# pony blood lines



## Chynagurl8 (Jul 12, 2004)

I have a mini mare (30") who I think has pony lines in her. I know her sire was like 25% Arenosa or something like that.




So is Arenosa a pony thing or a mini thing?

does any one know about these horses:

Kewpie's El Monterry of Arenosa

Hillman's Special K (son of above)


----------



## kaykay (Jul 12, 2004)

Arenosa's are a particular bloodline of shetlands. Kinda confusing i know. To confuse it even further quite a few are double registered (shetland/mini). I used to have the link that explained the name but i cant find it. Im sure someone here has it


----------



## Farmhand (Jul 12, 2004)

Does this help any?

http://www.arenosaminis.com/


----------



## JennyB (Jul 13, 2004)

Chynagurl8 hi,

Your mare can only be registered as a Miniature horse. She is 25% Shetland pony by pedigree and most probably more if known of the unknowns



I would love to see a picture of your little mare to see if she has that "Arenosa" look to her as even with 25%, she could still look just as good as a 100% Arenosa. Not saying that other lines are not as good or better. It's just that the ponies and minis who have any Arenosa lines have a certain "LOOK" to them and many are very different in their attitude and way of going.

The "Arenosa" name(means dry creek) was started by Mrs. Audrey Barrett and her husband, Clinton(doc) in Victoria, TX. Audrey really wasn't going for the Arenosa name as much as the "Kewpie" name, but the "Arenosa" name has stuck more than what she had originally wanted. Nevertheless the Arenosa ponies that she bred were American Shetland ponies and most were on the small side. She was very FIRM about the FACT that her ponies were indeed Shetland ponies and NOT Miniature horses when the Miniature horses first started in the early 1970's. The reason for that was because AMHR would not and still does not recognize the Shetland pedigree in the paperwork...



She did register some of them with AMHR and FWF's Charro Of Arenosa is a black pinto registered with ASPC/AMHR and AMHA at 32" tall, and a perfect example of a American Shetland pony who is also a Miniature horse and 100% Arenosa too. Her lines were based on the black pinto Shetland stallion, Kewpie Doll's Oracle and through 2 of his better sons, Kewpie's Topper Of Arenosa and Kewpie Doll's Diablo she created a true dynasty of this unusal line of ponies. So to answer your question: is it a pony thing or a mini thing? Originally it was a pony thing, then some became minis, and now I believe there are more double reg. ASPC/AMHR Arenosa's than just ASPC Arenosa's. Most breeders I believe who breed 100% Arenosa's would refer to their's as ponies even if they are 38" and under because of their precious American Shetland bloodlines. Yes it is a pony thing and a mini thing





Hillman's Special K was bred by Gerald and Joan Flaby. Gerry and Wilma Hillman owned Special K who was a 32" grullo born in 1989. He was sired by Kewpie's El Monterry Of Arenosa-a liver chestnut 35.25" by Kewpie's Topper Of Arenosa-a chestnut pinto 36" son of Kewpie Doll's Oracle. Monterry dam was the very well used and most famous mare, Winnie The Pooh Of Arenosa a tiny 34" black-bay mare sire by Richardson's Pete of Fable Stables- a 38" black son of the very famous black Congress Champion, Curtiss-Frisco Pete. Special K's dam was a grullo 31" mare, Flying W Farms Katrina(Flying W Farms Masterpiece-28" x Flying W Farms Lady Grey-33")--unknown after that...pony??? who knows!
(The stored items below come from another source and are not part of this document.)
lemma spt_gf_recurrence:
  fixes k M N :: nat
  assumes "N < M"
  defines "b \<equiv> \<lambda>s. (fps_X ^ s - fps_X) * fps_X ^ (k * s) * opp_parity_prod M s"
  shows "spt_gf M (k + 1) N
           = (fps_X - fps_X ^ (2 * k + 1)) * spt_gf M k N - fps_X ^ (2 * k + 1) * opp_parity_prod M 0
             - b (N + 1) - b (N + 2)"
proof -
  have step: "fps_X ^ ((k + 1) * s) * opp_parity_prod M s
                - (fps_X - fps_X ^ (2 * k + 1)) * (fps_X ^ (k * s) * opp_parity_prod M s)
              = b s - b (s + 2)" if "s \<le> N" for s
  proof -
    define u v w :: "int fps" where "u = fps_X ^ s" and "v = fps_X ^ (k * s)" and "w = fps_X ^ k"
    have powers: "fps_X ^ ((k + 1) * s) = v * u" "fps_X ^ (2 * k + 1) = w\<^sup>2 * fps_X"
      "fps_X ^ (k * (s + 2)) = v * w\<^sup>2" "fps_X ^ (s + 2) = u * fps_X\<^sup>2" "fps_X ^ (s + 1) = u * fps_X"
      unfolding u_def v_def w_def
      by (simp_all add: power_add power_mult_distrib mult_ac power2_eq_square mult_2_right flip: power_mult)
    have P_step: "opp_parity_prod M s = (1 - u * fps_X) * opp_parity_prod M (s + 2)"
      using that assms(1) by (simp add: opp_parity_prod_step powers u_def)
    show ?thesis
      unfolding b_def powers u_def[symmetric] v_def[symmetric] P_step
      by (simp add: algebra_simps power2_eq_square)
  qed
  have "b 2 = - (fps_X ^ (2 * k + 1) * opp_parity_prod M 0)"
  proof -
    have P_step: "opp_parity_prod M 0 = (1 - fps_X) * opp_parity_prod M 2"
      using assms(1) opp_parity_prod_step[of 0 M] by (simp add: numeral_2_eq_2)
    have "fps_X ^ (2 * k + 1) = fps_X ^ (k * 2) * (fps_X :: int fps)"
      by (simp add: mult.commute)
    then show ?thesis
      unfolding b_def P_step by (simp add: algebra_simps power2_eq_square)
  qed
  moreover have "b 1 = 0"
    unfolding b_def by simp
  moreover have "spt_gf M (k + 1) N - (fps_X - fps_X ^ (2 * k + 1)) * spt_gf M k N
                 = (\<Sum>s=1..N. b s - b (s + 2))"
    unfolding spt_gf_def sum_distrib_left sum_subtractf[symmetric]
    using step by (intro sum.cong) auto
  ultimately show ?thesis
    unfolding sum_telescope_step2 by (simp add: algebra_simps)
qed

lemma spt_gf_one:
  "spt_gf (N + 1) 1 N
     = 2 * fps_X - fps_X * opp_parity_prod (N + 1) 0 - fps_X ^ (N + 1) * (1 + fps_X)"
  using spt_gf_recurrence[of N "N + 1" 0] by (simp add: opp_parity_prod_eq_1 algebra_simps)

lemma spt_gf_recurrence_mod:
  assumes "1 \<le> k"
  shows "fps_X ^ (N + 1) dvd spt_gf (N + 1) (k + 1) N
           - ((fps_X - fps_X ^ (2 * k + 1)) * spt_gf (N + 1) k N
              - fps_X ^ (2 * k + 1) * opp_parity_prod (N + 1) 0)"
proof -
  define B :: "nat \<Rightarrow> int fps" where "B j = (fps_X ^ j - fps_X) * fps_X ^ (k * j)" for j
  have "spt_gf (N + 1) (k + 1) N
          - ((fps_X - fps_X ^ (2 * k + 1)) * spt_gf (N + 1) k N
             - fps_X ^ (2 * k + 1) * opp_parity_prod (N + 1) 0)
        = - (B (N + 1) + B (N + 2))"
    using spt_gf_recurrence[of N "N + 1" k] by (simp add: B_def opp_parity_prod_eq_1)
  moreover have "fps_X ^ (N + 1) dvd B j" if "N + 1 \<le> j" for j
    unfolding B_def using assms that
    by (intro dvd_mult le_imp_power_dvd) (simp add: order_trans[OF _ mult_le_mono1[of 1 k]])
  ultimately show ?thesis
    by simp
qed

lemma T_Suc: "1 \<le> k \<Longrightarrow> T (Suc k) = (fps_X - fps_X ^ (2 * k + 1)) * T k - fps_X ^ (2 * k + 1)"
  by (cases k rule: T.cases) simp_all

lemma q2q2_fin_Suc: "q2q2_fin (Suc m) = q2q2_fin m * (1 - fps_X ^ (2 * m + 2))"
  by (simp add: q2q2_fin_def)

lemma spt_gf_congruence:
  assumes "1 \<le> k"
  shows "fps_X ^ (N + 1) dvd spt_gf (N + 1) k N
           - (T k * opp_parity_prod (N + 1) 0 + 2 * fps_X ^ k * q2q2_fin (k - 1))"
  using assms
proof (induction k rule: nat_induct_at_least)
  case base
  have "spt_gf (N + 1) 1 N - (T 1 * opp_parity_prod (N + 1) 0 + 2 * fps_X ^ 1 * q2q2_fin (1 - 1))
        = - (fps_X ^ (N + 1) * (1 + fps_X))"
    unfolding spt_gf_one by (simp add: q2q2_fin_def)
  then show ?case
    unfolding dvd_minus_iff by simp
next
  case (Suc k)
  let ?P = "opp_parity_prod (N + 1) 0"
  let ?c = "fps_X - fps_X ^ (2 * k + 1) :: int fps"
  define Y :: "int fps" where "Y = fps_X ^ k"
  have powers: "fps_X ^ (2 * k) = Y\<^sup>2" "fps_X ^ (2 * k + 1) = fps_X * Y\<^sup>2" "fps_X ^ Suc k = fps_X * Y"
    unfolding Y_def by (simp_all flip: power_mult power_Suc)
  have q2_step: "q2q2_fin k = q2q2_fin (k - 1) * (1 - fps_X ^ (2 * k))"
    using Suc.hyps by (cases k) (simp_all add: q2q2_fin_Suc)
  have rhs_rec: "T (Suc k) * ?P + 2 * fps_X ^ Suc k * q2q2_fin k
      = ?c * (T k * ?P + 2 * fps_X ^ k * q2q2_fin (k - 1)) - fps_X ^ (2 * k + 1) * ?P"
    unfolding T_Suc[OF Suc.hyps] q2_step powers Y_def[symmetric]
    by (simp add: algebra_simps power2_eq_square)
  have split: "spt_gf (N + 1) (Suc k) N - (T (Suc k) * ?P + 2 * fps_X ^ Suc k * q2q2_fin k)
        = (spt_gf (N + 1) (k + 1) N - (?c * spt_gf (N + 1) k N - fps_X ^ (2 * k + 1) * ?P))
          + ?c * (spt_gf (N + 1) k N - (T k * ?P + 2 * fps_X ^ k * q2q2_fin (k - 1)))"
    unfolding rhs_rec by (simp add: algebra_simps)
  show ?case
    unfolding diff_Suc_1 split
    using spt_gf_recurrence_mod[OF Suc.hyps] Suc.IH by (intro dvd_add dvd_mult)
qed

section \<open>Passing to the infinite product\<close>

lemma fps_X_power_dvd_diff_nth_eq:
  fixes f g :: "'a::comm_ring_1 fps"
  assumes "fps_X ^ (N + 1) dvd f - g" and "n \<le> N"
  shows "f $ n = g $ n"
proof -
  obtain h where h: "f - g = fps_X ^ (N + 1) * h"
    using assms(1) by blast
  have "(f - g) $ n = 0"
    unfolding h fps_X_power_mult_nth using assms(2) by simp
  then show ?thesis
    by simp
qed

lemma fps_mult_prod_one_minus_fps_X_power_nth:
  fixes f :: "'a::comm_ring_1 fps"
  assumes "finite C" and "\<forall>j\<in>C. m < j"
  shows "(f * (\<Prod>j\<in>C. 1 - fps_X ^ j)) $ m = f $ m"
  using assms
proof (induction C rule: finite_induct)
  case (insert c C)
  have "f * (\<Prod>j\<in>insert c C. 1 - fps_X ^ j)
        = f * (\<Prod>j\<in>C. 1 - fps_X ^ j) - fps_X ^ c * (f * (\<Prod>j\<in>C. 1 - fps_X ^ j))"
    using insert.hyps by (simp add: algebra_simps)
  then show ?case
    using insert by (simp add: fps_X_power_mult_nth)
qed simp

lemma prod_one_minus_fps_X_power_nth_eq:
  assumes "finite B" and "A \<subseteq> B" and "\<forall>j\<in>B - A. i < j"
  shows "(\<Prod>j\<in>B. 1 - fps_X ^ j :: 'a::comm_ring_1 fps) $ i = (\<Prod>j\<in>A. 1 - fps_X ^ j :: 'a fps) $ i"
proof -
  have "(\<Prod>j\<in>B. 1 - fps_X ^ j :: 'a fps) = (\<Prod>j\<in>A. 1 - fps_X ^ j) * (\<Prod>j\<in>B - A. 1 - fps_X ^ j)"
    using prod.subset_diff[OF assms(2,1)] by (simp add: mult.commute)
  then show ?thesis
    using assms by (simp add: fps_mult_prod_one_minus_fps_X_power_nth)
qed

lemma qq2_inf_nth:
  assumes "i \<le> N"
  shows "qq2_inf $ i = opp_parity_prod (N + 1) 0 $ i"
proof -
  define C where "C = {j. j \<le> i \<and> odd j}"
  have odd_image: "(\<lambda>j. 2 * j + 1) ` {..<Suc i} = {j. j \<le> 2 * i + 1 \<and> odd j}"
    by (auto simp: image_iff elim!: oddE)
  have "(\<Prod>j<Suc i. 1 - fps_X ^ (2 * j + 1) :: int fps) = (\<Prod>j\<in>(\<lambda>j. 2 * j + 1) ` {..<Suc i}. 1 - fps_X ^ j)"
    by (subst prod.reindex) (auto simp: inj_on_def)
  also have "\<dots> $ i = (\<Prod>j\<in>C. 1 - fps_X ^ j :: int fps) $ i"
    unfolding odd_image by (rule prod_one_minus_fps_X_power_nth_eq) (auto simp: C_def)
  also have "\<dots> = opp_parity_prod (N + 1) 0 $ i"
    unfolding opp_parity_prod_def
    by (rule prod_one_minus_fps_X_power_nth_eq[symmetric])
      (use assms in \<open>auto simp: C_def opp_parity_parts_def odd_pos\<close>)
  finally show ?thesis
    unfolding qq2_inf_def by simp
qed

lemma fps_mult_qq2_inf_nth: "(f * qq2_inf) $ n = (f * opp_parity_prod (n + 1) 0) $ n"
  unfolding fps_mult_nth
proof (intro sum.cong refl)
  fix i
  assume "i \<in> {0..n}"
  then show "f $ i * qq2_inf $ (n - i) = f $ i * opp_parity_prod (n + 1) 0 $ (n - i)"
    using qq2_inf_nth[of "n - i" n] by simp
qed

theorem theorem2:
  fixes k :: nat
  assumes "1 \<le> k"
  shows "Abs_fps (\<lambda>n. if 1 \<le> n then sptk'_do k n else 0)
           = T k * qq2_inf + 2 * fps_X ^ k * q2q2_fin (k - 1)"
proof (rule fps_ext)
  fix n
  have "sptk'_do k 0 = 0"
    using sptk'_do_eq_spt_gf_nth[OF assms, of 0] by (simp add: spt_gf_def)
  then have "Abs_fps (\<lambda>n. if 1 \<le> n then sptk'_do k n else 0) $ n = sptk'_do k n"
    by (cases n) simp_all
  also have "\<dots> = spt_gf (n + 1) k n $ n"
    using sptk'_do_eq_spt_gf_nth[OF assms] .
  also have "\<dots> = (T k * opp_parity_prod (n + 1) 0 + 2 * fps_X ^ k * q2q2_fin (k - 1)) $ n"
    using spt_gf_congruence[OF assms] by (rule fps_X_power_dvd_diff_nth_eq) simp
  also have "\<dots> = (T k * qq2_inf + 2 * fps_X ^ k * q2q2_fin (k - 1)) $ n"
    by (simp add: fps_mult_qq2_inf_nth)
  finally show "Abs_fps (\<lambda>n. if 1 \<le> n then sptk'_do k n else 0) $ n
                  = (T k * qq2_inf + 2 * fps_X ^ k * q2q2_fin (k - 1)) $ n" .
qed

end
Special K only sired 5 foals through AMHR, the last one in 1999. So if he is still breeding I don't know<?> He would be considered 50% Arenosa and so your little mare would be 25% Arenosa bred, a Miniature horse with a healthy dose of Arenosa pony lines added. Lonnie Sharping of SOS Miniature horses still uses a Special K son, Heez Razin Special Kane SOS. I am just guessing that your little mare is Hillman's Princess K..? Her filly would be also be 25% Arenosa because of the sire's line to Kewpie's Fairy Princess of Arenosa-a 33.5" black mare by Kewpie's Topper of Arenosa x Tessie-Bell. I think having some Arenosa in any Miniature horse right now is a positive PLUS!





Good Luck with her and I hope everyone has helped answer your questions?

Jenny


----------



## Chynagurl8 (Jul 13, 2004)

Thanks guys that helped alot,

Jenny~ my mare is out of Heez Razin Special Kane SOS, Special K is my mare's grand sire. So that makes her 12.5% Arensoa? I think. Thanks again!

Chelsie


----------



## m2d (Jul 14, 2004)

Chynagurl8 hi,

Jenny gave you good information.............we do have an Arenosa chat group. and there are a lot of us who have Arenosa...........http://groups.yahoo.com/group/Arenosaponiesforever/

http://www.atouchofwyoming.com/story.html or just go to www.atouchofwyoming.com and click on the Arenosa............. you can see quite a few of the ancestors....................

Dorothy


----------



## Chynagurl8 (Jul 14, 2004)

what about these, I don't know if they are ponies or minis so may be you guys will know.

J-J's Little Macho

Iron Gates-Silver Sultan

Thanks again, you guys are really helpful!!!


----------



## Lewella (Jul 14, 2004)

Hi Chelsie,

Don't know anything about those horses in particular but the J-J prefix belongs to Hans and Ruth Jess of Iowa. Jess' bred black and white Shetlands for a very long time and still have a few minis (they showed one as recently as last year).

BTW - did you have a good show in Lake Elmo?


----------



## Chynagurl8 (Jul 14, 2004)

Yep LE went great!

One of my geldings went reserve grand! and my other 2 did great too.

How was Nebraska?


----------



## Lewella (Jul 18, 2004)

Nebraska went good too. My gelding went Grand under all 3 judges and so did the little stallion I was showing for Royal Pony Farm. The Royal stallion also went on to win Under Classic Champion of Champions under two of the three judges



Glad to hear you had a good show too!


----------